Saturday, October 15, 2011

Taking Stock...The Things That Matter Most: Hello...My Name Is Kevin...And I'm An Addict

Taking Stock...The Things That Matter Most: Hello...My Name Is Kevin...And I'm An Addict: I want to turn my eyes from you To be able to put you away Leave you as if i’d never met you I need to quit you cold turkey You are my a...

Hello...My Name Is Kevin...And I'm An Addict

I want to turn my eyes from you
To be able to put you away
Leave you as if i’d never met you
I need to quit you cold turkey
You are my addiction
 Something I can’t let go
 Or get outta my head
 I can’t stop loving you
 Even though you destroy me
 Breaking me into millions of pieces
 Each and every time I see you
 The only way I can survive
 Is if you stay the fuck away
 Or I die
 Please love me enough to leave
 © 2011 Kevin Stock

Wednesday, April 27, 2011

Kevin's Interview...Part One

When did you first start writing poetry and what got you started?

      To be honest, I don't remember exactly when I started writing poetry. I do know that I was still in grade school though...as I have hand written poems from back then. I must say, my handwriting was terrible! But at least they're hand written, I can't tell you the last time I actually wrote anything by hand that was of length. All computerized now! I pretty much kept every single poem I wrote from back then, all the way through about 1995 or so I'd say. I have them all in a file, in my desk...waiting. I say waiting because most are not done, nor anywhere near what I'd be willing to publish. They are first drafts, raw, ideas really more than poetry. To steal a quote, "Poetry is never finished, just abandoned"!! So, needless to say I've been writing rhymes for many years, 30+ I'd guestimate.

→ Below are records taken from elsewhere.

lemma exists_frontier_rectangle_lt:
  assumes meas: "measure lebesgue K = 1" and r: "0 < r" "r < 1/2"
  obtains a b where "a \<in> frontier K" "b \<in> frontier K" "norm a = norm b"
    "norm (b - a) * norm (- b - a) = r"
proof -
  define c where "c t = r / (2 * radial t)" for t
  have c_pos: "0 < c t" for t using r radial_pos[of t] by (simp add: c_def)
  have line: "\<exists>l. c t *\<^sub>R dir_perp t + l *\<^sub>R dir t \<in> interior K" for t
  proof (rule line_meets_interior)
    show "4 * radial t * c t < measure lebesgue K"
      using radial_pos[of t] meas r by (simp add: c_def)
  qed (use c_pos[of t] in auto)
  define b where "b t = c t *\<^sub>R dir_perp t + ray_exit K (c t *\<^sub>R dir_perp t) (dir t) *\<^sub>R dir t" for t
  have b_frontier: "b t \<in> frontier K" for t
    using line[of t] ray_exit_in_frontier[OF compact dir_nonzero] interior_subset
    unfolding b_def by blast
  have isCont_c: "isCont c t" for t
    unfolding c_def[abs_def] using radial_pos[of t] by (intro continuous_intros isCont_radial) simp
  have "isCont b t" for t
  proof -
    obtain lz where "c t *\<^sub>R dir_perp t + lz *\<^sub>R dir t \<in> interior K" using line by blast
    then have "isCont (\<lambda>t. ray_exit K (c t *\<^sub>R dir_perp t) (dir t)) t"
      by (intro isCont_ray_exit[OF convex compact _ isCont_dir dir_nonzero])
        (intro continuous_intros isCont_c)
    then show ?thesis unfolding b_def[abs_def] by (intro continuous_intros isCont_c)
  qed
  then obtain t where t: "norm (b t) = radial t"
    using exists_norm_eq_radial b_frontier by blast
  define a where "a = radial t *\<^sub>R dir t"
  have "norm a = norm (b t)" using t radial_pos[of t] by (simp add: a_def)
  moreover have "a$1 * b t$2 - a$2 * b t$1 = radial t * (b t \<bullet> dir_perp t)"
    by (simp add: a_def inner_vec2 algebra_simps)
  then have "a$1 * b t$2 - a$2 * b t$1 = radial t * c t" by (simp add: b_def inner_add_left)
  then have "norm (b t - a) * norm (- b t - a) = r"
    using sides_mult_eq_cross[OF \<open>norm a = norm (b t)\<close>] radial_pos[of t] r by (simp add: c_def)
  ultimately show ?thesis using that radial_in_frontier b_frontier unfolding a_def by blast
qed

text \<open>The area \<open>1/2\<close> is reached as a limit, using compactness of the set of admissible pairs.\<close>
lemma exists_frontier_rectangle:
  assumes meas: "measure lebesgue K = 1" and r: "0 < r" "r \<le> 1/2"
  obtains a b where "a \<in> frontier K" "b \<in> frontier K" "norm a = norm b"
    "norm (b - a) * norm (- b - a) = r"
proof -
  define Q where "Q = (frontier K \<times> frontier K) \<inter> {p. norm (fst p) = norm (snd p)}"
  define area where "area p = norm (snd p - fst p) * norm (- snd p - fst p)" for p :: "(real^2) \<times> (real^2)"
  have "compact Q" unfolding Q_def
    by (intro compact_Int_closed compact_Times compact_frontier compact closed_Collect_eq)
       (intro continuous_intros)+
  then have closed: "closed (area ` Q)" unfolding area_def[abs_def]
    by (intro compact_imp_closed compact_continuous_image continuous_intros)
  have lt: "r' \<in> area ` Q" if r': "0 < r'" "r' < 1/2" for r'
  proof -
    obtain a b where ab: "a \<in> frontier K" "b \<in> frontier K" "norm a = norm b"
      "norm (b - a) * norm (- b - a) = r'"
      using exists_frontier_rectangle_lt[OF meas r'] .
    then have "(a, b) \<in> Q" "r' = area (a, b)" by (simp_all add: Q_def area_def)
    then show ?thesis by (rule rev_image_eqI)
  qed
  have "r \<in> area ` Q"
  proof (cases "r < 1/2")
    case False
    have "\<exists>y\<in>area ` Q. dist y r < e" if "0 < e" for e
    proof
      show "max (1/4) (1/2 - e/2) \<in> area ` Q" using that by (intro lt) (auto simp: max_def)
      show "dist (max (1/4) (1/2 - e/2)) r < e" using False r that by (simp add: dist_real_def)
    qed
    then show ?thesis using closed_approachable[OF closed] by blast
  qed (use lt r in simp)
  then obtain p where "p \<in> Q" "r = area p" by blast
  then show ?thesis using that[of "fst p" "snd p"] by (simp add: Q_def area_def mem_Times_iff)
qed
end

lemma zero_in_interior_if_symmetric:
  fixes K :: "'a::euclidean_space set"
  assumes "convex K" and neg: "\<And>x. x \<in> K \<Longrightarrow> - x \<in> K" and "interior K \<noteq> {}"
  shows "0 \<in> interior K"
proof -
  obtain z d where d: "d > 0" "ball z d \<subseteq> K" using assms(3) mem_interior by blast
  have "y \<in> K" if "y \<in> ball 0 d" for y
  proof -
    have "z + y \<in> K" "z - y \<in> K" using d that by (auto simp: dist_norm)
    then have "z + y \<in> K" "- (z - y) \<in> K" using neg by blast+
    then have "(1/2) *\<^sub>R (z + y) + (1/2) *\<^sub>R (- (z - y)) \<in> K"
      using convexD[OF assms(1)] by simp
    then show "y \<in> K" by (simp add: algebra_simps) (simp flip: scaleR_add_left)
  qed
  then show ?thesis using d(1) mem_interior by blast
qed

lemma symmetric_convex_body_translation:
  assumes "convex_body K" "centrally_symmetric K"
  obtains c where "symmetric_convex_body ((\<lambda>x. x - c) ` K)"
proof -
  obtain c where c: "\<And>x. x \<in> K \<Longrightarrow> 2 *\<^sub>R c - x \<in> K"
    using assms(2) unfolding centrally_symmetric_def by blast
  have K: "compact K" "convex K" "interior K \<noteq> {}"
    using assms(1) unfolding convex_body_def by auto
  let ?K = "(\<lambda>x. x - c) ` K"
  have neg: "- x \<in> ?K" if "x \<in> ?K" for x
  proof -
    from that obtain k where k: "k \<in> K" "x = k - c" by blast
    have "- x = (2 *\<^sub>R c - k) - c" using k(2) by (simp add: algebra_simps scaleR_2)
    then show ?thesis using c[OF k(1)] by blast
  qed
  have "convex ?K" "compact ?K" "interior ?K \<noteq> {}"
    using K by (simp_all add: convex_translation_subtract compact_translation_subtract
      interior_translation_subtract)
  with neg have "symmetric_convex_body ?K"
    by unfold_locales (simp_all add: zero_in_interior_if_symmetric)
  then show ?thesis by (rule that)
qed

text \<open>Equal diagonals bisecting each other make \<open>c \<plusminus> a\<close>, \<open>c \<plusminus> b\<close> a rectangle.\<close>
lemma has_inscribed_rectangle_of_area_diagonals:
  assumes "c + a \<in> frontier K" "c + b \<in> frontier K" "c - a \<in> frontier K" "c - b \<in> frontier K"
    and "norm a = norm b" and "norm (b - a) * norm (- b - a) = r"
  shows "has_inscribed_rectangle_of_area K r"
  unfolding has_inscribed_rectangle_of_area_def
proof (intro exI conjI)
  have "(b - a) \<bullet> (- b - a) = (norm a)\<^sup>2 - (norm b)\<^sup>2"
    by (simp add: power2_norm_eq_inner algebra_simps inner_commute)
  then show "is_rectangle (c + a) (c + b) (c - a) (c - b)"
    using assms(5) by (simp add: is_rectangle_def algebra_simps)
  have "c + b - (c + a) = b - a" "c - b - (c + a) = - b - a" by (simp_all add: algebra_simps)
  then show "rect_area (c + a) (c + b) (c - b) = r"
    using assms(6) by (simp only: rect_area_def)
qed (use assms in simp_all)

theorem lemma3p4:
  fixes K :: "(real^2) set" and r :: real
  assumes "convex_body K" and "centrally_symmetric K"
    and "measure lebesgue K = 1"
    and "0 < r" and "r \<le> 1/2"
  shows "has_inscribed_rectangle_of_area K r"
proof -
  obtain c where "symmetric_convex_body ((\<lambda>x. x - c) ` K)" (is "symmetric_convex_body ?K")
    using symmetric_convex_body_translation[OF assms(1,2)] .
  then interpret symmetric_convex_body ?K .
  have "measure lebesgue ?K = 1" using assms(3) by (simp add: measure_translation_subtract)
  then obtain a b where ab: "a \<in> frontier ?K" "b \<in> frontier ?K" "norm a = norm b"
      "norm (b - a) * norm (- b - a) = r"
    using exists_frontier_rectangle assms(4,5) by metis
  have "frontier ?K = (\<lambda>x. x - c) ` frontier K"
    using frontier_translation[of "- c" K] by (simp cong: image_cong_simp)
  then have fr: "c + y \<in> frontier K" if "y \<in> frontier ?K" for y
    using that by auto
  show ?thesis
  proof (rule has_inscribed_rectangle_of_area_diagonals[of c a K b])
    show "c - a \<in> frontier K" "c - b \<in> frontier K"
      using fr[OF neg_frontier[OF ab(1)]] fr[OF neg_frontier[OF ab(2)]] by simp_all
  qed (use fr ab in simp_all)
qed

end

     My answer to the second part of this question is essentially the same as the first. I truly do not know what caused me to start writing poetry nor why! If I had to guess I would say it was a school assignment. I remember several english assignments regarding poetry back then. I don't think they teach poetry much anymore, and if so, what a shame. My children have not done a single poetry assignment that I'm aware of. I know that I started really writing poetry with a purpose when I was in high school. I got in to it on my own, but was bolstered from the reactions the girlfriends in my life at the time gave me. They seemed to really like it, so of course, I liked it even more. Sorta like the guy who picks up a guitar to get the ladies. I was kind of a big deal to steal another saying! The older I got, the more I grew to love writing on it's merit and not any other selfish reasons. I hope I bring something to the craft. I hope I honor the long line of those who forged the path I now follow!

Darkness

Darkness
Death...permeates
Evil lurks...underneath
Just below the surface...and waits
Ready to strike and inflict...suffering
Then slink back into the...shadows
There lurking...evermore
The only...clue
Darkness
© 2011 Kevin Stock

Kevin Stock

Kevin
Father, Son, Husband, Friend
Brother of Karla
Lover of Jamie, America, and Family
Who feels Love, Sorrow, and Joy
Who fears Emptiness, Bridges and Loss
Who would like to see Jesus, Aliens and Heaven
Resident of Blackstone, Virginia
Stock

© 2011 Kevin Stock

Cobalt Controversy

Colors arrive with pageantry

On canvas represents artistry

But outside make up existence

Although can become meandering

Literally murmured of course

The controversy with cerulean hues



© 2011 Kevin Stock

Monday, April 25, 2011

IT

IT stares at me
Through the darkness
I can hear IT's heavy breathing
From somewhere...over there

The fog envelopes
Death permeates the air
I can feel IT on my skin
Here...there...everywhere

Blood red eyes
Watching over me
I can see them looming larger
But run...I don't dare

I close my eyes
And my heart beats no more
As I sense IT's teeth
Enter my soul

© 2011 Kevin Stock


*Tribute to Stephen King*

With Crackers

Sit down...have a bowl

Poetry Soup, for your soul

Yummy...swallowed whole



© 2011 Kevin Stock

Thursday, April 21, 2011

Small Town Boy...

     I grew up in a small town called The Village Of Woodson...that's right...Village. There were only 300 hard working, honest, home-spun souls that lived in Woodson back then. I think there might be a few more now, but not sure. Woodson sits pretty much smack-dab in the south central part of Illinois. That's Ill-in-oye, not the ever so popular Ill-in-oise. We had a livestock sale-barn, a grain elevator (corn and soybeans), US Post Office, 4 churches and (of course) a bar. Even the smallest towns have bars. What we didn't have was a gas station, grocery store, or stop lights. Not a single one. Life was Mayberry simple. We fit that mold in Woodson where everyone knew everyone, everyone helped everyone, and everyone waved to everyone no matter what. A small version of Mayberry minus the sheriff and deputy. No need for those back then.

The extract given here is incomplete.